Task
Go through the data and report each line that holds the string "subst".

Data shown
definition cocycle2 :: "('k::field \<Rightarrow> 'a::ab_group_add \<Rightarrow> 'a) \<Rightarrow> ('a \<Rightarrow> 'a \<Rightarrow> 'a) \<Rightarrow> ('a \<Rightarrow> 'a)
    \<Rightarrow> ('a \<Rightarrow> 'a \<Rightarrow> 'a) \<times> ('a \<Rightarrow> 'a) \<Rightarrow> bool" where
  "cocycle2 scale mu N c \<longleftrightarrow> cochain2 scale c \<and> deltaNAlg2 mu N c = (\<lambda>a b c. 0, \<lambda>a b. 0)"

definition cohomologous2 :: "('k::field \<Rightarrow> 'a::ab_group_add \<Rightarrow> 'a) \<Rightarrow> ('a \<Rightarrow> 'a \<Rightarrow> 'a) \<Rightarrow> ('a \<Rightarrow> 'a)
    \<Rightarrow> ('a \<Rightarrow> 'a \<Rightarrow> 'a) \<times> ('a \<Rightarrow> 'a) \<Rightarrow> ('a \<Rightarrow> 'a \<Rightarrow> 'a) \<times> ('a \<Rightarrow> 'a) \<Rightarrow> bool" where
  "cohomologous2 scale mu N c c' \<longleftrightarrow>
     (\<exists>f. cochain1 scale f \<and>
        deltaNAlg1 mu N f = (\<lambda>a b. fst c' a b - fst c a b, \<lambda>a. snd c' a - snd c a))"

end

theory Submission
  imports Defs
begin

text \<open>Everything is read off the coefficient of \<open>t\<close> in the defining identities of a deformation,
  evaluated on elements of \<open>A \<subseteq> A[[t]]\<close>. Associativity of \<open>\<mu>\<^sub>t\<close> gives \<open>\<delta>\<^sub>H\<^sub>o\<^sub>c\<^sub>h \<mu>\<^sub>1 = 0\<close>, and the
  Nijenhuis identity for \<open>N\<^sub>t\<close> gives \<open>d\<^sub>N N\<^sub>1 + \<partial>\<^sup>N \<mu>\<^sub>1 = 0\<close>. For an equivalence
  \<open>\<phi>\<^sub>t = id + t \<phi>\<^sub>1 + \<dots>\<close> the same comparison gives \<open>\<mu>\<^sub>1' = \<mu>\<^sub>1 - \<delta>\<^sub>H\<^sub>o\<^sub>c\<^sub>h \<phi>\<^sub>1\<close> and
  \<open>N\<^sub>1' = N\<^sub>1 + \<partial>\<^sup>N \<phi>\<^sub>1\<close>, that is \<open>(\<mu>\<^sub>1', N\<^sub>1') - (\<mu>\<^sub>1, N\<^sub>1) = \<delta>\<^sub>N\<^sub>A\<^sub>l\<^sub>g (-\<phi>\<^sub>1)\<close>.\<close>

lemma klin_module_hom: "klin scale f \<Longrightarrow> module_hom scale scale f"
  by (simp add: klin_def module_hom_iff_linear)

lemmas klin_zero = module_hom.zero[OF klin_module_hom]
  and klin_add = module_hom.add[OF klin_module_hom]
  and klin_neg = module_hom.neg[OF klin_module_hom]
  and klin_diff = module_hom.diff[OF klin_module_hom]

lemma klin_uminus: "klin scale f \<Longrightarrow> klin scale (\<lambda>x. - f x)"
  unfolding klin_def module_hom_iff_linear[symmetric]
  by (simp add: module_hom_iff module.scale_minus_right)

lemma kbilin_zero_left: "kbilin scale m \<Longrightarrow> m 0 y = 0"
  and kbilin_zero_right: "kbilin scale m \<Longrightarrow> m x 0 = 0"
  and kbilin_neg_left: "kbilin scale m \<Longrightarrow> m (- x) y = - m x y"
  and kbilin_neg_right: "kbilin scale m \<Longrightarrow> m x (- y) = - m x y"
  unfolding kbilin_def using klin_zero klin_neg by metis+

definition ser_const :: "'a::zero \<Rightarrow> nat \<Rightarrow> 'a" where
  "ser_const a n = (if n = 0 then a else 0)"

lemma ser_const_0 [simp]: "ser_const a 0 = a"
  and ser_const_Suc0 [simp]: "ser_const a (Suc 0) = 0"
  by (simp_all add: ser_const_def)

lemma ser_mul_0: "ser_mul mus x y 0 = mus 0 (x 0) (y 0)"
  by (simp add: ser_mul_def)

lemma ser_mul_Suc0:
  "ser_mul mus x y (Suc 0) = mus 0 (x 0) (y (Suc 0)) + mus 0 (x (Suc 0)) (y 0) + mus 1 (x 0) (y 0)"
  by (simp add: ser_mul_def atMost_Suc algebra_simps)

lemma ser_app_0: "ser_app Ns x 0 = Ns 0 (x 0)"
  by (simp add: ser_app_def)

lemma ser_app_Suc0: "ser_app Ns x (Suc 0) = Ns 0 (x (Suc 0)) + Ns 1 (x 0)"
  by (simp add: ser_app_def atMost_Suc algebra_simps)

lemmas ser_coeffs_01 = ser_mul_0 ser_mul_Suc0 ser_app_0 ser_app_Suc0

lemma hoch2_eq_0_if_ser_mul_assoc:
  assumes "kbilin scale (mus 0)"
    and "\<And>x y z. ser_mul mus (ser_mul mus x y) z = ser_mul mus x (ser_mul mus y z)"
  shows "hoch2 (mus 0) (mus 1) a b c = 0"
proof -
  have "ser_mul mus (ser_mul mus (ser_const a) (ser_const b)) (ser_const c) 1
      = ser_mul mus (ser_const a) (ser_mul mus (ser_const b) (ser_const c)) 1"
    using assms(2) by simp
  then show ?thesis
    by (simp add: ser_coeffs_01 kbilin_zero_left[OF assms(1)] kbilin_zero_right[OF assms(1)]
        hoch2_def algebra_simps)
qed
lemma lie_br_anticomm:
  assumes "lie_algebra c"
  shows "lie_br c w v = - lie_br c v w"
proof -
  have "lie_br c (v + w) (v + w) = lie_br c v w + lie_br c w v"
    using assms by (simp add: lie_algebra_def lie_br_add_left lie_br_add_right)
  moreover have "lie_br c (v + w) (v + w) = 0"
    using assms by (simp add: lie_algebra_def)
  ultimately show ?thesis
    by (simp add: eq_neg_iff_add_eq_0 add.commute)
qed

lemma structure_const_anticomm:
  assumes "lie_algebra c"
  shows "c j i = - c i j"
  using lie_br_anticomm[OF assms] by (metis lie_br_basis)

lemma lie_br_lie_br_left:
  assumes "lie_algebra c"
  shows "lie_br c (lie_br c v w) z = lie_br c v (lie_br c w z) - lie_br c w (lie_br c v z)"
proof -
  have "lie_br c v (lie_br c w z) + lie_br c w (lie_br c z v) + lie_br c z (lie_br c v w) = 0"
    using assms by (simp add: lie_algebra_def)
  then show ?thesis
    by (simp add: lie_br_anticomm[OF assms, of z] lie_br_uminus_right algebra_simps)
qed

subsection \<open>The Kirillov--Kostant bracket\<close>

lemma pb_altdef:
  "pb c a b = (\<Sum>i\<in>UNIV. \<Sum>j\<in>UNIV. lin (c i j) * pdiff i a * pdiff j b)"
  by (simp add: pb_def lin_def sum_distrib_right)

lemma pb_add_left: "pb c (a + a') b = pb c a b + pb c a' b"
  by (simp add: pb_altdef pdiff_add algebra_simps sum.distrib)

lemma pb_add_right: "pb c a (b + b') = pb c a b + pb c a b'"
  by (simp add: pb_altdef pdiff_add algebra_simps sum.distrib)

lemma pb_mult_left: "pb c (a * a') b = a * pb c a' b + a' * pb c a b"
  by (simp add: pb_altdef pdiff_mult sum_distrib_left sum.distrib algebra_simps)

lemma pb_mult_right: "pb c a (b * b') = b * pb c a b' + b' * pb c a b"
  by (simp add: pb_altdef pdiff_mult sum_distrib_left sum.distrib algebra_simps)

lemma pb_cst_left [simp]: "pb c (cst s) b = 0"
  by (simp add: pb_altdef)

lemma pb_cst_right [simp]: "pb c a (cst s) = 0"
  by (simp add: pb_altdef)

lemma pb_0_right [simp]: "pb c a 0 = 0"
  by (simp add: pb_altdef)

lemma pb_sum_right: "pb c a (sum f A) = (\<Sum>x\<in>A. pb c a (f x))"
  by (induction A rule: infinite_finite_induct) (auto simp: pb_add_right)

lemma pb_anticomm:
  assumes "lie_algebra c"
  shows "pb c b a = - pb c a b"
proof -
  have "pb c b a = (\<Sum>j\<in>UNIV. \<Sum>i\<in>UNIV. lin (c j i) * pdiff j b * pdiff i a)"
    by (simp add: pb_altdef)
  also have "\<dots> = (\<Sum>j\<in>UNIV. \<Sum>i\<in>UNIV. - (lin (c i j) * pdiff i a * pdiff j b))"
    \<comment> \<open>as a simp rule, \<open>structure_const_anticomm\<close> would loop\<close>
    by (intro sum.cong refl)
       (subst structure_const_anticomm[OF assms], simp add: lin_uminus mult_ac)
  also have "\<dots> = - pb c a b"
    by (subst sum.swap) (simp add: pb_altdef sum_negf)
  finally show ?thesis .
qed

lemma lin_lie_br:
  "lin (lie_br c v w) = (\<Sum>i\<in>UNIV. \<Sum>j\<in>UNIV. cst (v i) * cst (w j) * lin (c i j))"
proof -
  have "lin (lie_br c v w)
      = (\<Sum>k\<in>UNIV. \<Sum>i\<in>UNIV. \<Sum>j\<in>UNIV. cst (v i) * cst (w j) * (cst (c i j k) * var k))"
    by (simp add: lin_def lie_br_def cst_sum cst_mult sum_distrib_left sum_distrib_right mult_ac)
  also have "\<dots>
      = (\<Sum>i\<in>UNIV. \<Sum>k\<in>UNIV. \<Sum>j\<in>UNIV. cst (v i) * cst (w j) * (cst (c i j k) * var k))"
    by (rule sum.swap)
  also have "\<dots> = (\<Sum>i\<in>UNIV. \<Sum>j\<in>UNIV. cst (v i) * cst (w j) * lin (c i j))"
    by (subst sum.swap) (simp add: lin_def sum_distrib_left)
  finally show ?thesis .
qed
(* Let $\tau\in\mathbb{R}$ and $R\in\mathcal{R}_O\cap(\mathcal{L}_I\cup\mathcal{L}_{II}\cup\mathcal{L}_{III})$. Then: (A) if $\tau=0$, $\widetilde\beta_R(\tau)=0$; (B) if $\tau<0$: (b1) if $R$ has no critical points in $\mathbb{T}$, then $\widetilde\beta_R(\tau)=0$; (b2) if $R$ has at least one critical point in $\mathbb{T}$, then $\widetilde\beta_R(\tau)=0$ for $\tau\in(-1,0)$ and $\widetilde\beta_R(\tau)=|\tau|-1$ for $\tau\le-1$; (C) if $\tau>0$: (c1) if $R\in\mathcal{R}_O\cap\mathcal{L}_I$, then $\widetilde\beta_R(\tau)=0$; (c2) if $R\in\mathcal{R}_O\cap\mathcal{L}_{II}$, then $\widetilde\beta_R(\tau)=2\tau-1$ for $\tau>1/2$ and $\widetilde\beta_R(\tau)=0$ for $\tau\in(0,1/2]$; (c3) if $R\in\mathcal{R}_O\cap\mathcal{L}_{III}$, then $\widetilde\beta_R(\tau)=3\tau-1$ for $\tau>1/3$ and $\widetilde\beta_R(\tau)=0$ for $\tau\in(0,1/3]$.
   Context: $\Delta$ is the unit disk, $\mathbb{T}=\partial\Delta$, $\overline{\Delta}=\Delta\cup\mathbb{T}$. $P_k$ denotes a polynomial of degree at most $k$. $\mathcal{R}$ is the class of rational functions $R$ with no poles in $\Delta$ and $R(0)=0,R'(0)=1$. A critical point of $R$ in $\mathbb{T}$ is a point of $\mathbb{T}$ where the rational function $R'$ vanishes. $\mathcal{L}_I$: those $R\in\mathcal{R}$ of the form $R=P_n/P_m$ with $P_n,P_m$ coprime and $P_m$ without zeros in $\overline{\Delta}$. $\mathcal{L}_{II}$: those $R\in\mathcal{R}$ of the form $R(z)=\frac{P_n(z)}{\prod_{j=1}^l(z-e^{i\theta_j})P_m(z)}$ with $l\ge1$, the $e^{i\theta_j}$ distinct, $P_m$ without zeros in $\overline{\Delta}$, numerator and denominator coprime. $\mathcal{L}_{III}$: those $R\in\mathcal{R}$ of the form $R(z)=\frac{P_n(z)}{\prod_{j=1}^l(z-e^{i\theta_j})^2\prod_{k=1}^t(z-e^{i\tilde\theta_k})P_m(z)}$ with $l\ge1$, $t\ge0$, the points $e^{i\theta_j},e^{i\tilde\theta_k}$ all distinct, $P_m$ without zeros in $\overline{\Delta}$, numerator and denominator coprime. $\mathcal{R}_O$: those $R\in\mathcal{R}$ such that $R'(z)=\frac{(z-z_1)\cdots(z-z_s)P_{\mathbf n}(z)}{P_{\mathbf m}(z)}$ with $s\ge0$, $z_1,\dots,z_s$ the distinct critical points of $R$ in $\mathbb{T}$, numerator and denominator coprime, $P_{\mathbf n}$ without zeros in $\mathbb{T}$ and $P_{\mathbf m}$ without zeros in $\Delta$ (i.e. every zero of $R'$ on $\mathbb{T}$ is simple). For $R\in\mathcal{R}$ choose $r_R\in(0,1)$ with $R'\ne0$ on $r_R<|z|<1$; for real $\tau$ the generalized integral means spectrum is $\widetilde\beta_R(\tau)=\limsup_{r\to1^-}\frac{\log\int_{-\pi}^{\pi}|R'(re^{i\theta})|^\tau d\theta}{|\log(1-r)|}$. *)

theory Defs
  imports "HOL-Analysis.Analysis" "HOL-Computational_Algebra.Computational_Algebra"
begin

Answer to the exercise
       (subst structure_const_anticomm[OF assms], simp add: lin_uminus mult_ac)
    by (subst sum.swap) (simp add: pb_altdef sum_negf)
    by (subst sum.swap) (simp add: lin_def sum_distrib_left)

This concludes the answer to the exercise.